DIRECTIONS FOR THIS TASK: Using the material below, print the line that contains "a b \<in> R)", the line that contains "a) \<in> \<int>)", and every line in between, exactly and nothing else.

PROVIDED INFORMATION:
lemma spoke_0_not_min: "\<exists>i<m. f (spoke i) < f (spoke 0)"
proof (rule ccontr)
  assume "\<not> ?thesis"
  then have min: "f (spoke 0) \<le> f (spoke i)" if "i < m" for i
    using that by force
  have m: "Suc 0 < m" "m - 1 < m" "m - 1 \<noteq> 0" "m - 1 \<noteq> Suc 0" "Suc (m - 1) mod m = 0"
    using four_le_m by auto
  have lt: "f (spoke 0) < f (spoke 1)" "f (spoke 0) < f (spoke (m - 1))"
    using min[of 1] min[of "m - 1"] f_spoke_inj[of 0 1] f_spoke_inj[of 0 "m - 1"] m by force+
  \<comment> \<open>rim 0 between spokes 0 and 1 is the mirror image of the excluded configuration\<close>
  interpret mirror: wheel_line_order adj "\<lambda>x. - f x" m "\<lambda>k. spoke ((k + 1) mod m)" "\<lambda>k. rim ((k + 1) mod m)"
    by (rule wheel_line_order.rotate[OF reverse_order])
  have "\<not> between (spoke (m - 1)) (rim (m - 1)) (spoke 0)"
    using rim_last_not_inside lt unfolding between_def by auto
  then have "\<not> between (spoke (m - 1)) (spoke 1) (spoke 0)"
    using spoke_between_iff_rim_between[of "m - 1" 1] m by simp
  moreover have "\<not> between (spoke 0) (rim 0) (spoke 1)"
    using mirror.rim_last_not_inside lt m unfolding between_def by auto
  then have "\<not> between (spoke 0) (spoke (m - 1)) (spoke 1)"
    using spoke_between_iff_rim_between[of 0 "m - 1"] m by simp
  moreover have "f (spoke 1) \<noteq> f (spoke (m - 1))"
    using f_spoke_inj[of 1 "m - 1"] m by auto
  ultimately show False
    using lt unfolding between_def by linarith
qed

lemma inconsistent: False
proof -
  let ?S = "(\<lambda>i. f (spoke i)) ` {..<m}"
  have S: "finite ?S" "?S \<noteq> {}"
    using four_le_m by (auto simp: lessThan_empty_iff)
  obtain c where c: "c < m" "f (spoke c) = Min ?S"
    using Min_in[OF S] by auto
  have min: "f (spoke c) \<le> f (spoke i)" if "i < m" for i
    using Min_le[OF S(1)] c(2) that by simp
  interpret rotated: wheel_line_order adj f m "\<lambda>k. spoke ((k + c) mod m)" "\<lambda>k. rim ((k + c) mod m)"
    by (rule rotate)
  show False
    using rotated.spoke_0_not_min min c(1) by (auto simp: not_less[symmetric])
qed

end

lemma spoke_mem_wheel_edges: "i < m \<Longrightarrow> {i, m} \<in> wheel_edges m"
  unfolding wheel_edges_def by blast

lemma rim_mem_wheel_edges: "i < m \<Longrightarrow> {i, Suc i mod m} \<in> wheel_edges m"
  unfolding wheel_edges_def by auto

lemma wheel_hub_notin_rim:
  assumes "i < m"
  shows "m \<notin> {i, Suc i mod m}"
proof -
  have "Suc i mod m < m"
    using assms by simp
  then show ?thesis
    using assms by (metis insertE less_irrefl singletonD)
qed

lemma wheel_rim_inter_spoke:
  assumes "i < m" "j < m"
  shows "{i, Suc i mod m} \<inter> {j, m} \<noteq> {} \<longleftrightarrow> j = i \<or> j = Suc i mod m"
  using wheel_hub_notin_rim[OF assms(1)] assms by auto

lemma wheel_rim_eq_iff:
  assumes "2 < m" "i < m" "j < m"
  shows "{i, Suc i mod m} = {j, Suc j mod m} \<longleftrightarrow> i = j"
proof
  assume eq: "{i, Suc i mod m} = {j, Suc j mod m}"
  show "i = j"
  proof (rule ccontr)
    assume "i \<noteq> j"
    then have "i = Suc j mod m" "j = Suc i mod m"
      using eq by (auto simp: doubleton_eq_iff)
    then have "Suc (Suc i) mod m = i"
      by (metis mod_Suc_eq)
    then show False
      using Suc_Suc_mod_neq_self assms(1) by blast
  qed
qed simp

lemma wheel_rims_adjacent_iff:
  assumes "2 < m" "i < m" "j < m"
  shows "{i, Suc i mod m} \<noteq> {j, Suc j mod m} \<and> {i, Suc i mod m} \<inter> {j, Suc j mod m} \<noteq> {} \<longleftrightarrow>
         j = Suc i mod m \<or> i = Suc j mod m"
proof (cases "i = j")
  case False
  then have "Suc i mod m \<noteq> Suc j mod m"
    using add_mod_eq_add_mod_iff[of i m j 1] assms by simp
  then show ?thesis
    using wheel_rim_eq_iff[OF assms] False by auto
qed (use Suc_mod_neq_self[of m j] assms in auto)
(* Let $y\in\tilde W$ and $s\in\tilde{\mathbb S}$ with $\ell(sy\delta(s))=\ell(y)$. If $y\mathbf a$ is a $(J,w,\delta)$-alcove (for some $J\subset\mathbb S$ with $\delta(J)=J$ and $w\in W$), then $sy\delta(s)\mathbf a$ is a $(J,\bar sw,\delta)$-alcove, where $\bar s$ is the image of $s$ in $W$.
   Context: Let $\tilde W=X_*(T)_\Gamma\rtimes W$ be the Iwahori–Weyl group of a quasi-split connected semisimple group $G$ over a local field $F$ (finite extension of $\mathbb Q_p$ or $\mathbb F_q((\epsilon))$) split over a tamely ramified extension, relative to a maximal $L$-split torus $S$ defined over $F$ with centralizer $T$, where $L$ is the completion of the maximal unramified extension of $F$ and $\Gamma=\mathrm{Gal}(\bar L/L)$. $\delta$ is the automorphism of $\tilde W$ (and of $W$) induced by the Frobenius of $L/F$. $V=X_*(T)_\Gamma\otimes\mathbb R$; $\Sigma$ is the reduced root system with affine roots $v\mapsto\langle a,v\rangle+k$ ($a\in\Sigma,k\in\mathbb Z$), $H_{a,k}=\{v:\langle a,v\rangle=k\}$, $W=W(\Sigma)$. $\mathbf a$ is a fixed $\sigma$-stable base alcove lying in the anti-dominant chamber; $\ell$ is the length function on $\tilde W$ (number of affine root hyperplanes separating $x\mathbf a$ from $\mathbf a$); $\tilde{\mathbb S}$ the simple affine reflections; $\mathbb S$ the simple roots/simple reflections of $W$ determined by the chamber; $\Sigma^+$ positive roots; for $J\subset\mathbb S$, $\Sigma_J$ roots spanned by $J$, $\Sigma_J^+=\Sigma_J\cap\Sigma^+$, $W_J$, $\tilde W_J=X_*(T)_\Gamma\rtimes W_J$. For an alcove $\mathbf b$ and $a\in\Sigma$, $k(a,\mathbf b)$ is the integer $k$ with $\mathbf b$ between $H_{a,k}$ and $H_{a,k-1}$. $x\mathbf a$ is a $(J,w,\delta)$-alcove if (1) $w^{-1}x\delta(w)\in\tilde W_J$ and (2) $k(a,x\mathbf a)\ge k(a,\mathbf a)$ for all $a\in w(\Sigma^+\setminus\Sigma_J^+)$ (this is equivalent to the group-theoretic condition $\mathbf U_a(L)\cap xIx^{-1}\subseteq\mathbf U_a(L)\cap I$ for root subgroups, with $I$ the Iwahori of $\mathbf a$). *)

theory Defs
  imports "HOL-Analysis.Analysis"
begin

text \<open>Combinatorial model of the Iwahori-Weyl group acting on the apartment
  V (a Euclidean space 'v).  Roots are identified with vectors of V via a
  W- and sigma-invariant inner product, so the pairing is the inner product.\<close>

definition root_refl :: "'v::euclidean_space \<Rightarrow> 'v \<Rightarrow> 'v" where
  "root_refl a v = v - (2 * (a \<bullet> v) / (a \<bullet> a)) *\<^sub>R a"

definition coroot :: "'v::euclidean_space \<Rightarrow> 'v" where
  "coroot a = (2 / (a \<bullet> a)) *\<^sub>R a"

definition aff_refl :: "'v::euclidean_space \<Rightarrow> int \<Rightarrow> 'v \<Rightarrow> 'v" where
  "aff_refl a k v = v - (a \<bullet> v - real_of_int k) *\<^sub>R coroot a"

inductive_set refl_group :: "'v::euclidean_space set \<Rightarrow> ('v \<Rightarrow> 'v) set" for A where
  id_in: "id \<in> refl_group A"
| step: "a \<in> A \<Longrightarrow> u \<in> refl_group A \<Longrightarrow> root_refl a \<circ> u \<in> refl_group A"

definition reduced_root_system :: "'v::euclidean_space set \<Rightarrow> bool" where
  "reduced_root_system R \<longleftrightarrow> finite R \<and> 0 \<notin> R \<and> span R = UNIV
     \<and> (\<forall>a\<in>R. \<forall>b\<in>R. root_refl a b \<in> R)
     \<and> (\<forall>a\<in>R. \<forall>b\<in>R. 2 * (a \<bullet> b) / (a \<bullet> a) \<in> \<int>)
     \<and> (\<forall>a\<in>R. \<forall>c::real. c *\<^sub>R a \<in> R \<longrightarrow> c = 1 \<or> c = -1)"

definition positive_system :: "'v::euclidean_space set \<Rightarrow> 'v set \<Rightarrow> bool" where
  "positive_system R P \<longleftrightarrow> (\<exists>g. (\<forall>a\<in>R. a \<bullet> g \<noteq> 0) \<and> P = {a\<in>R. a \<bullet> g > 0})"

definition simple_roots :: "'v::euclidean_space set \<Rightarrow> 'v set" where
  "simple_roots P = {a\<in>P. \<not> (\<exists>b\<in>P. \<exists>c\<in>P. a = b + c)}"

definition coroot_lattice :: "'v::euclidean_space set \<Rightarrow> 'v set" where
  "coroot_lattice R = {v. \<exists>c::'v \<Rightarrow> int. v = (\<Sum>a\<in>R. of_int (c a) *\<^sub>R coroot a)}"

text \<open>Image of X_*(T)_Gamma in V: a subgroup between the coroot lattice and
  the coweight lattice.\<close>
definition admissible_lattice :: "'v::euclidean_space set \<Rightarrow> 'v set \<Rightarrow> bool" where
  "admissible_lattice R L \<longleftrightarrow> 0 \<in> L \<and> (\<forall>x\<in>L. \<forall>y\<in>L. x + y \<in> L \<and> - x \<in> L)
     \<and> coroot_lattice R \<subseteq> L \<and> (\<forall>t\<in>L. \<forall>a\<in>R. a \<bullet> t \<in> \<int>)"

text \<open>Base alcove: the alcove in the anti-dominant chamber whose closure contains 0.\<close>
definition base_alcove :: "'v::euclidean_space set \<Rightarrow> 'v set" where
  "base_alcove P = {v. \<forall>a\<in>P. -1 < a \<bullet> v \<and> a \<bullet> v < 0}"
theorem theorem3:
  fixes A :: "real^'n::finite^'n" and B :: "real^'m::finite^'n" and C :: "real^'n^'p::finite"
    and cl :: "'n \<Rightarrow> 'r::finite" and alpha :: real
    and mu1 :: real and v1 w1 :: "real^'r"
    and eps gamma :: real
  assumes A_stable: "stable A" and A_metzler: "metzler A"
    and B_nonneg: "\<forall>i j. B$i$j \<ge> 0" and C_nonneg: "\<forall>i j. C$i$j \<ge> 0"
    and cl_surj: "surj cl"
    and alpha_nonneg: "alpha \<ge> 0"
    and A0_stable: "stable (matrix_inv (transpose (part_mat cl) ** part_mat cl)
                       ** transpose (part_mat cl) ** A ** part_mat cl - alpha *\<^sub>R mat 1)"
    and A0_irred: "irreducible_mat (matrix_inv (transpose (part_mat cl) ** part_mat cl)
                       ** transpose (part_mat cl) ** A ** part_mat cl - alpha *\<^sub>R mat 1)"
    and mu1_neg: "mu1 < 0"
    and mu1_dom: "\<forall>lam. is_eigenvalue (matrix_inv (transpose (part_mat cl) ** part_mat cl)
                       ** transpose (part_mat cl) ** A ** part_mat cl - alpha *\<^sub>R mat 1) lam
                     \<longrightarrow> lam \<noteq> complex_of_real mu1 \<longrightarrow> Re lam < mu1"
    and v1_pos: "\<forall>i. v1$i > 0" and w1_pos: "\<forall>i. w1$i > 0"
    and v1_eig: "(matrix_inv (transpose (part_mat cl) ** part_mat cl)
                   ** transpose (part_mat cl) ** A ** part_mat cl - alpha *\<^sub>R mat 1) *v v1 = mu1 *s v1"
    and w1_eig: "w1 v* (matrix_inv (transpose (part_mat cl) ** part_mat cl)
                   ** transpose (part_mat cl) ** A ** part_mat cl - alpha *\<^sub>R mat 1) = mu1 *s w1"
    and w1v1: "w1 \<bullet> v1 = 1"
    and eps_pos: "eps > 0" and eps_le: "mu1 + eps \<le> 0"
    and gamma_pos: "gamma > 0"
    and gamma_le: "\<forall>i j. - gamma * (mat 1 :: real^'r^'r)$i$j
                  \<le> (matrix_inv (transpose (part_mat cl) ** part_mat cl)
                   ** transpose (part_mat cl) ** A ** part_mat cl - alpha *\<^sub>R mat 1)$i$j"
  shows "\<exists>c1 c2. c1 > 0 \<and> c2 > 0 \<and>
    (\<forall>Ar1 Ar2 :: real^'r^'r. \<forall>Br :: real^'m^'r. \<forall>Cr :: real^'r^'p.
      (\<forall>i j. - gamma * (mat 1 :: real^'r^'r)$i$j \<le> Ar1$i$j \<and>
         Ar1$i$j \<le> ((matrix_inv (transpose (part_mat cl) ** part_mat cl)
                   ** transpose (part_mat cl) ** A ** part_mat cl - alpha *\<^sub>R mat 1)
                   - (mu1 + eps) *\<^sub>R (\<chi> k l. v1$k * w1$l))$i$j) \<longrightarrow>
      (\<forall>i j. - gamma * (mat 1 :: real^'r^'r)$i$j \<le> Ar2$i$j \<and>
         Ar2$i$j \<le> ((matrix_inv (transpose (part_mat cl) ** part_mat cl)
                   ** transpose (part_mat cl) ** A ** part_mat cl - alpha *\<^sub>R mat 1)
                   - (mu1 + eps) *\<^sub>R (\<chi> k l. v1$k * w1$l))$i$j) \<longrightarrow>
      norm (grad_Ar A B C Ar1 Br Cr - grad_Ar A B C Ar2 Br Cr)
        \<le> (c1 + c2 * norm Br * norm Cr) * norm Br * norm Cr * norm (Ar1 - Ar2))"
proof -
  let ?A0 = "matrix_inv (transpose (part_mat cl) ** part_mat cl)
               ** transpose (part_mat cl) ** A ** part_mat cl - alpha *\<^sub>R mat 1"
  let ?S = "{M. \<forall>i j. - gamma * (mat 1 :: real^'r^'r)$i$j \<le> M$i$j
                 \<and> M$i$j \<le> (?A0 - (mu1 + eps) *\<^sub>R (\<chi> k l. v1$k * w1$l))$i$j}"
  have "metzler M \<and> (\<forall>i. (M *v v1)$i \<le> - eps * v1$i)" if "M \<in> ?S" for M
    using le_deflation_imp_metzler_decay[OF v1_eig w1v1 v1_pos] that by blast
  then obtain c1 c2 where "0 < c1" "0 < c2" and lipschitz: "\<forall>Ar1\<in>?S. \<forall>Ar2\<in>?S. \<forall>Br Cr.
      norm (grad_Ar A B C Ar1 Br Cr - grad_Ar A B C Ar2 Br Cr)
        \<le> (c1 + c2 * norm Br * norm Cr) * norm Br * norm Cr * norm (Ar1 - Ar2)"
    using grad_Ar_lipschitz_on_metzler[OF A_stable A_metzler v1_pos eps_pos, where S = ?S] by blast
  then show ?thesis by blast
qed

end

REPLY TO THE TASK:
     \<and> (\<forall>a\<in>R. \<forall>b\<in>R. root_refl a b \<in> R)
     \<and> (\<forall>a\<in>R. \<forall>b\<in>R. 2 * (a \<bullet> b) / (a \<bullet> a) \<in> \<int>)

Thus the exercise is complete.